И видеотелефон погас.
Ефрем расстегнул ворот рубахи и, примерившись, осторожно погрузил себя в глубокое кресло. То, что Утяев был весел, — ему не понравилось. Поди, заработал крепенько. Игрушки — Ходовой товар, даже в этаком городе. Ефрем и Ася тоже сегодня много заработали. Даже очень много, как сказал мэр. Но это нисколько не радовало Ефрема. Нужны не деньги.

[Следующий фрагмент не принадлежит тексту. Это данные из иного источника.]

lemma fact_cong_subgroup:
  assumes Y: "Y \<subseteq> carrier G" and "fact_cong G Y u v"
  shows "\<forall>H. subgroup H G \<longrightarrow> (set u \<subseteq> H \<longleftrightarrow> set v \<subseteq> H)"
  using assms(2)
proof (induction rule: fact_cong.induct)
  case (fc_move1 g1 g2)
  then have g: "g1 \<in> carrier G" "g2 \<in> carrier G" using Y by auto
  then have "g1 = g2 \<otimes> (inv g2 \<otimes> g1 \<otimes> g2) \<otimes> inv g2" by (simp add: m_assoc)
  then show ?case using g
    by (metis insert_subset list.set subgroup.m_closed subgroup.m_inv_closed)
next
  case (fc_move2 g1 g2)
  then have g: "g1 \<in> carrier G" "g2 \<in> carrier G" using Y by auto
  then have "g2 = inv g1 \<otimes> (g1 \<otimes> g2 \<otimes> inv g1) \<otimes> g1" by (simp add: m_assoc)
  then show ?case using g
    by (metis insert_subset list.set subgroup.m_closed subgroup.m_inv_closed)
qed auto

lemma fs_rep_class: "set w \<subseteq> Y \<Longrightarrow> set (fs_rep (fact_class G Y w)) \<subseteq> Y \<and> fact_cong G Y w (fs_rep (fact_class G Y w))"
  unfolding fs_rep_def using someI[of "\<lambda>v. v \<in> fact_class G Y w" w]
  by (simp add: fact_class_def fc_refl)

lemma alpha_class: "Y \<subseteq> carrier G \<Longrightarrow> set w \<subseteq> Y \<Longrightarrow> alpha G (fact_class G Y w) = lprod G w"
  using fs_rep_class fact_cong_lprod by (metis alpha_eq_lprod)

lemma alpha_fs_pow:
  assumes Y: "Y \<subseteq> carrier G" and w: "set w \<subseteq> Y"
  shows "alpha G (fs_pow G Y (fact_class G Y w) n) = lprod G w [^] n"
proof -
  define r where "r = fs_rep (fact_class G Y w)"
  have r: "set r \<subseteq> Y" "lprod G r = lprod G w"
    using fs_rep_class[OF w] fact_cong_lprod[OF Y] unfolding r_def by metis+
  have "set (concat (replicate n r)) \<subseteq> Y" using r(1) by auto
  then have "alpha G (fs_pow G Y (fact_class G Y w) n) = lprod G (concat (replicate n r))"
    unfolding fs_pow_def r_def[symmetric] using alpha_class[OF Y] by blast
  also have "\<dots> = lprod G w [^] n" using lprod_concat_replicate r Y by auto
  finally show ?thesis .
qed

lemma eval_word_in_subgroup: "subgroup H G \<Longrightarrow> set (map fst w) \<subseteq> H \<Longrightarrow> eval_word G w \<in> H"
  by (induction w) (auto simp: eval_word_def subgroup.one_closed subgroup.m_closed subgroup.m_inv_closed)

lemma eval_word_Cons: "eval_word G ((y, b) # w) = (if b then y else inv y) \<otimes> eval_word G w"
  by (simp add: eval_word_def)

end

lemma set_class_list:
  assumes "finite Y"
  shows "set (class_list G Y) = conj_class G ` Y"
proof -
  have "\<exists>cs. distinct cs \<and> set cs = conj_class G ` Y"
    using finite_distinct_list[OF finite_imageI[OF assms]] by metis
  then show ?thesis unfolding class_list_def by (metis (mono_tags, lifting) someI_ex)
qed

lemma set_elem_list:
  assumes "finite C"
  shows "set (elem_list C) = C"
proof -
  have "\<exists>ys. distinct ys \<and> set ys = C" using finite_distinct_list[OF assms] by metis
  then show ?thesis unfolding elem_list_def by (metis (mono_tags, lifting) someI_ex)
qed

locale c_group =
  fixes G (structure) and Y
  assumes C_group: "C_group G Y"
begin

«Тикать надо отсюда, тикать!» — думал он. Но как? Мэр при встрече сразу оборвал разговор на эту тему: «Ненужных туристов мы
Так прямо и сказал старый хрыч: «Заманили».
У Ефрема разбухла голова от горьких дум. Хотелось спать. Но надо было дождаться Людмилу Петровну с Маратиком. Время еще, правда, было не позднее, чуть начинало смеркаться.

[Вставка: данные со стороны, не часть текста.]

lemma cdf_tail:
  assumes "1 \<le> k"
  shows "cdf n (t k) = mass * t k"
  using assms
proof (induction k rule: dec_induct)
  case base
  have "D n \<inter> {..t 1} = D n" using D_subset[of n] tail_one by auto
  then show ?case using measure_D_const[of n] tail_one by simp
next
  case (step k)
  have "D n \<inter> {..t k} = (D n \<inter> {..t (Suc k)}) \<union> (D n \<inter> A k)"
    using tail_Suc[of k] length_pos[OF step(1)] by (auto simp: part_int_def)
  moreover have "(D n \<inter> {..t (Suc k)}) \<inter> (D n \<inter> A k) = {}"
    by (auto simp: part_int_def)
  ultimately have "cdf n (t k) = cdf n (t (Suc k)) + measure lborel (D n \<inter> A k)"
    by (simp add: measure_Un_disjoint D_Int_fmeasurable part_int_def)
  also have "measure lborel (D n \<inter> A k) = a k * mass"
    using measure_D_part[OF step(1)] measure_D_const by simp
  finally have "cdf n (t (Suc k)) = mass * t k - a k * mass"
    using step(3) by linarith
  then show ?case
    using tail_Suc[of k] by (simp add: algebra_simps)
qed

lemma measure_D_atLeast: "measure lborel (D m \<inter> {w..}) = mass - cdf m w"
proof -
  have "D m \<inter> {..w} = (D m \<inter> {..<w}) \<union> (D m \<inter> {w})" by auto
  then have "cdf m w = measure lborel ((D m \<inter> {..<w}) \<union> (D m \<inter> {w}))"
    by (simp only:)
  also have "\<dots> = measure lborel (D m \<inter> {..<w})"
    using D_borel[of m] by (intro measure_Un_null_set) (simp_all add: finite_imp_null_set_lborel)
  finally have "cdf m w = measure lborel (D m \<inter> {..<w})" .
  moreover have "D m \<inter> {w..} = D m - (D m \<inter> {..<w})" by auto
  ultimately show ?thesis
    using D_fmeasurable[of m] D_borel[of m] measure_D_const[of m]
    by (simp add: measure_Diff fmeasurableD2)
qed

lemma cdf_self_similar:
  assumes k: "1 \<le> k" and v: "v \<in> A k"
  defines "w \<equiv> (t k - v) / a k"
  shows "cdf n v - mass * v = - a k * (cdf (n + k) w - mass * w)"
proof -
  have pos: "0 < a k" using length_pos[OF k] .
  have le_iff: "x \<le> v \<longleftrightarrow> w \<le> (t k - x) / a k" for x
    unfolding w_def using pos by (simp add: divide_le_cancel)
  \<comment> \<open>D n \<inter> ]-\<infinity>,v] splits at t (Suc k); the k-th iterate of F maps the part inside
      A k decreasingly onto D (n + k) \<inter> [w,1).\<close>
  have upper: "D n \<inter> A k \<inter> {..v} = {x \<in> A k. (t k - x) / a k \<in> D (n + k) \<inter> {w..}}"
    using D_part[OF k, of n] le_iff by auto
  have "D n \<inter> {..v} = (D n \<inter> {..t (Suc k)}) \<union> (D n \<inter> A k \<inter> {..v})"
    using v by (auto simp: part_int_def)
  moreover have "(D n \<inter> {..t (Suc k)}) \<inter> (D n \<inter> A k \<inter> {..v}) = {}"
    by (auto simp: part_int_def)
  ultimately have "cdf n v = cdf n (t (Suc k)) + measure lborel (D n \<inter> A k \<inter> {..v})"
    by (simp add: measure_Un_disjoint D_Int_fmeasurable part_int_def Int_assoc)
  also have "measure lborel (D n \<inter> A k \<inter> {..v}) = a k * (mass - cdf (n + k) w)"
    unfolding upper using D_borel[of "n + k"] D_subset[of "n + k"]
    by (subst measure_branch_vimage[OF k]) (auto simp: measure_D_atLeast)
  also have "cdf n (t (Suc k)) = mass * t (Suc k)"
    by (rule cdf_tail) (use k in simp)
  finally have cdf_v: "cdf n v = mass * t (Suc k) + a k * (mass - cdf (n + k) w)" .
  have mass_v: "mass * v = mass * t (Suc k) + a k * mass - a k * (mass * w)"
    unfolding w_def using pos tail_Suc[of k] by (simp add: field_simps)
  show ?thesis
    unfolding cdf_v mass_v by (simp add: algebra_simps)
qed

И тут Ефрем вспомнил, что он ни у кого здесь не видел часов, да и настенных нигде в городе нет. Как же люди живут? Где техника — там точное время.

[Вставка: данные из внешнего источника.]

lemma hist_mem: "g \<in> hist n \<Longrightarrow> x \<in> {1..n} \<times> {1..N} \<Longrightarrow> g x \<in> {1..K}"
  unfolding hist_def histories_def by auto

lemma hist_Suc: "hist (Suc n) = (\<lambda>(h, a). extend (Suc n) h a) ` (hist n \<times> profiles)"
proof (intro equalityI subsetI)
  fix g assume g: "g \<in> hist (Suc n)"
  define h where "h = restrict g ({1..n} \<times> {1..N})"
  define a where "a = (\<lambda>v\<in>{1..N}. g (Suc n, v))"
  have "h \<in> hist n" "a \<in> profiles"
    using hist_mem[OF g] unfolding h_def a_def hist_def histories_def profiles_def by auto
  moreover have "g x = extend (Suc n) h a x" for x
    using hist_arb[OF g, of x] by (cases x) (auto simp: extend_def h_def a_def)
  ultimately show "g \<in> (\<lambda>(h, a). extend (Suc n) h a) ` (hist n \<times> profiles)" by force
qed (auto intro: extend_in)

lemma inj_extend: "inj_on (\<lambda>(h, a). extend (Suc n) h a) (hist n \<times> profiles)"
proof (rule inj_onI, clarify)
  fix h a h' a' assume h: "h \<in> hist n" "h' \<in> hist n"
    and eq: "extend (Suc n) h a = extend (Suc n) h' a'"
  have "a v = a' v" for v using fun_cong[OF eq, of "(Suc n, v)"] by (simp add: extend_def)
  moreover have "h x = h' x" for x
  proof (cases "fst x = Suc n")
    case True
    then have "x \<notin> {1..n} \<times> {1..N}" by auto
    then show ?thesis using hist_arb h by metis
  next
    case False
    then show ?thesis using fun_cong[OF eq, of x] by (simp add: extend_def)
  qed
  ultimately show "h = h' \<and> a = a'" by auto
qed

lemma expect_Suc:
  "expect (Suc n) g = expect n (\<lambda>h. \<Sum>a\<in>profiles. profile_prob (Suc n) h a * g (extend (Suc n) h a))"
proof -
  have "expect (Suc n) g = (\<Sum>x\<in>hist n \<times> profiles.
      hist_prob (Suc n) (extend (Suc n) (fst x) (snd x)) * g (extend (Suc n) (fst x) (snd x)))"
    unfolding expect_def hist_Suc sum.reindex[OF inj_extend] by (simp add: case_prod_beta)
  also have "\<dots> = (\<Sum>h\<in>hist n. \<Sum>a\<in>profiles.
      hist_prob (Suc n) (extend (Suc n) h a) * g (extend (Suc n) h a))"
    by (simp add: sum.cartesian_product')
  also have "\<dots> = (\<Sum>h\<in>hist n. \<Sum>a\<in>profiles.
      hist_prob n h * (profile_prob (Suc n) h a * g (extend (Suc n) h a)))"
    by (intro sum.cong refl) (simp add: hist_prob_Suc)
  also have "\<dots> = expect n (\<lambda>h. \<Sum>a\<in>profiles. profile_prob (Suc n) h a * g (extend (Suc n) h a))"
    unfolding expect_def by (simp add: sum_distrib_left)
  finally show ?thesis .
qed

definition depends_upto :: "nat \<Rightarrow> (history \<Rightarrow> real) \<Rightarrow> bool" where
  "depends_upto m f \<longleftrightarrow> (\<forall>h h'. (\<forall>x. fst x \<le> m \<longrightarrow> h x = h' x) \<longrightarrow> f h = f h')"

lemma depends_uptoD: "depends_upto m f \<Longrightarrow> (\<And>x. fst x \<le> m \<Longrightarrow> h x = h' x) \<Longrightarrow> f h = f h'"
  unfolding depends_upto_def by blast

lemma depends_uptoI: "(\<And>h h'. (\<And>x. fst x \<le> m \<Longrightarrow> h x = h' x) \<Longrightarrow> f h = f h') \<Longrightarrow> depends_upto m f"
  unfolding depends_upto_def by blast

lemma depends_upto_const: "depends_upto m (\<lambda>_. c)" unfolding depends_upto_def by simp

lemma depends_upto_mult:
  assumes "depends_upto m f" "depends_upto m g"
  shows "depends_upto m (\<lambda>h. f h * g h)"
proof (rule depends_uptoI)
  fix h h' :: history assume "\<And>x. fst x \<le> m \<Longrightarrow> h x = h' x"
  then show "f h * g h = f h' * g h'"
    using depends_uptoD[OF assms(1)] depends_uptoD[OF assms(2)] by metis
qed

lemma depends_upto_comp: assumes "depends_upto m f" shows "depends_upto m (\<lambda>h. \<phi> (f h))"
proof (rule depends_uptoI)
  fix h h' :: history assume "\<And>x. fst x \<le> m \<Longrightarrow> h x = h' x"
  then show "\<phi> (f h) = \<phi> (f h')" using depends_uptoD[OF assms(1)] by metis
qed

lemma depends_upto_sum:
  assumes "\<And>i. i \<in> I \<Longrightarrow> depends_upto m (f i)"
  shows "depends_upto m (\<lambda>h. \<Sum>i\<in>I. f i h)"
proof (rule depends_uptoI)
  fix h h' :: history assume a: "\<And>x. fst x \<le> m \<Longrightarrow> h x = h' x"
  show "(\<Sum>i\<in>I. f i h) = (\<Sum>i\<in>I. f i h')"
    by (rule sum.cong[OF refl], rule depends_uptoD[OF assms a]) auto
qed

lemma depends_upto_prod:
  assumes "\<And>i. i \<in> I \<Longrightarrow> depends_upto m (f i)"
  shows "depends_upto m (\<lambda>h. \<Prod>i\<in>I. f i h)"
proof (rule depends_uptoI)
  fix h h' :: history assume a: "\<And>x. fst x \<le> m \<Longrightarrow> h x = h' x"
  show "(\<Prod>i\<in>I. f i h) = (\<Prod>i\<in>I. f i h')"
    by (rule prod.cong[OF refl], rule depends_uptoD[OF assms a]) auto
qed

lemma depends_upto_P: assumes "s \<le> Suc m" shows "depends_upto m (\<lambda>h. P h s i v)"
proof (rule depends_uptoI)
  fix h h' :: history assume "\<And>x. fst x \<le> m \<Longrightarrow> h x = h' x"
  then have "P h s = P h' s" using assms by (intro P_cong_past) auto
  then show "P h s i v = P h' s i v" by simp
qed

lemma depends_upto_profile_prob: "depends_upto m (\<lambda>h. profile_prob (Suc m) h a)"
  unfolding profile_prob_def by (intro depends_upto_prod depends_upto_P) simp

lemma expect_cong: "(\<And>h. h \<in> hist n \<Longrightarrow> f h = g h) \<Longrightarrow> expect n f = expect n g"
  unfolding expect_def by (auto intro!: sum.cong)

lemma expect_mono: "(\<And>h. h \<in> hist n \<Longrightarrow> f h \<le> g h) \<Longrightarrow> expect n f \<le> expect n g"
  unfolding expect_def by (auto intro!: sum_mono mult_left_mono hist_prob_nonneg)

lemma expect_add: "expect n (\<lambda>h. f h + g h) = expect n f + expect n g"
  unfolding expect_def by (simp add: distrib_left sum.distrib)

lemma expect_diff: "expect n (\<lambda>h. f h - g h) = expect n f - expect n g"
  unfolding expect_def by (simp add: right_diff_distrib sum_subtractf)

lemma expect_cmult: "expect n (\<lambda>h. c * f h) = c * expect n f"
  unfolding expect_def by (simp add: sum_distrib_left mult.left_commute)

lemma expect_sum: "expect n (\<lambda>h. \<Sum>i\<in>I. f i h) = (\<Sum>i\<in>I. expect n (f i))"
  unfolding expect_def sum_distrib_left by (rule sum.swap)

lemma expect_marginal: assumes "m \<le> n" "depends_upto m f" shows "expect n f = expect m f"
  using assms(1)
proof (induction n)
  case 0 then show ?case by simp
next
  case (Suc n)
  show ?case
  proof (cases "m = Suc n")
    case True then show ?thesis by simp
  next
    case False
    then have mn: "m \<le> n" using Suc by simp
    have "expect (Suc n) f
        = expect n (\<lambda>h. \<Sum>a\<in>profiles. profile_prob (Suc n) h a * f (extend (Suc n) h a))"
      by (rule expect_Suc)
    also have "\<dots> = expect n (\<lambda>h. (\<Sum>a\<in>profiles. profile_prob (Suc n) h a) * f h)"
      unfolding sum_distrib_right
    proof (intro expect_cong sum.cong refl arg_cong[where f="\<lambda>x. _ * x"])
      fix h a show "f (extend (Suc n) h a) = f h"
        using mn by (intro depends_uptoD[OF assms(2)]) (auto simp: extend_def)
    qed
    also have "\<dots> = expect n f" by (simp add: profile_prob_sum)
    finally show ?thesis using Suc.IH mn by simp
  qed
qed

«Век живи и век учись, а теперь еще и переучивайся», — с досадой подумал Ефрем.
В это время в дверь постучали. Он отозвался, и на пороге появилась женщина.
Ефрем не поверил глазам: перед ним стояла красавица Фаэта. Она была особенно хороша — в темном вечернем платье, облегающем ее тонкую талию и недозволенно, по мнению Ефрема, открытом на груди. Густые волосы локонами ниспадали на плечи. Голубые глаза сияли.
— Сиди, Ефрем Бунтарь. У нас мужчина не встает перед женщиной…
— Здравствуйте, — растерянно произнес Ефрем.
— …И не выбирает женщин, — продолжала Фаэта. — Женщина выбирает мужчин…
Ефрем не понимал, о чем говорит гостья. В висках у него застучало. Шутка сказать — жена мэра пожаловала. Неспроста ведь.
— Садитесь, — сказал он. Она подошла к столику.
— Ты не допил свой вино, Бунтарь?
— Я… я сейчас закажу, — заикался Ефрем. Он хотел пересилить свою робость и никак не мог.
— Не надо. У нас мало времени… — Она стала пить медленными глотками и, улыбаясь, разглядывала Ефрема. Неожиданно прикоснулась к его бороде. — Хороший борода. Матушка разрешила тебе носить, Бунтарь.
Допив вино, она подошла к телевизору, включила и стала переводить программы. Найдя ту, где танцевали девушки, отрегулировала громкость и вернулась к Ефрему. Села рядом.
На экране между тем танцовщиц становилось все меньше и меньше и осталась одна — самая стройная, очень похожая на Фаэту.
— Она нравится Бунтарю? — спросила Фаэта и вновь прикоснулась к бороде Ефрема.
Танцовщица, продолжая танцевать, постепенно стала раздеваться. Она была красива, ничего не стеснялась. «Чертова буржуазия», — думал Ефрем. Но он постепенно обретал спокойствие, приходил в себя. Посмотрел на Фаэту. Та загадочно ему улыбнулась.
— Бунтарь не догадался, зачем пришла женщина?
Ефрема кольнула наконец догадка. Муж у нее старый, подумал он, чем черт не шутит. Но он тут же оттолкнул от себя эту мысль и отрицательно покачал головой. В конце концов такая красотка всегда найдет себе мужика, зачем ей хромой кривоносый крестьянин?
— Напрасно ты так думай, — вдруг сказала Фаэта, будто он подумал вслух. — Ты красивый и сильный. Мне нравится твой борода и твой имя.
«Эге-ге!» — ахнул про себя Ефрем и съежился в кресле.
Фаэта продолжала. Голос у нее был приятный:
— Матушка решил, что ты дашь нашему город наследник. Я не хотел рождать больной детей от слабосильный помощник мэра, который ты не знаешь. — Фаэта выдержала паузу: — Сейчас понял, Бунтарь?
Ефрем промолчал. Он напряженно думал, как выпутаться из этого положения. Но одновременно боялся думать, так как заметил, что Фаэта читает его мысли.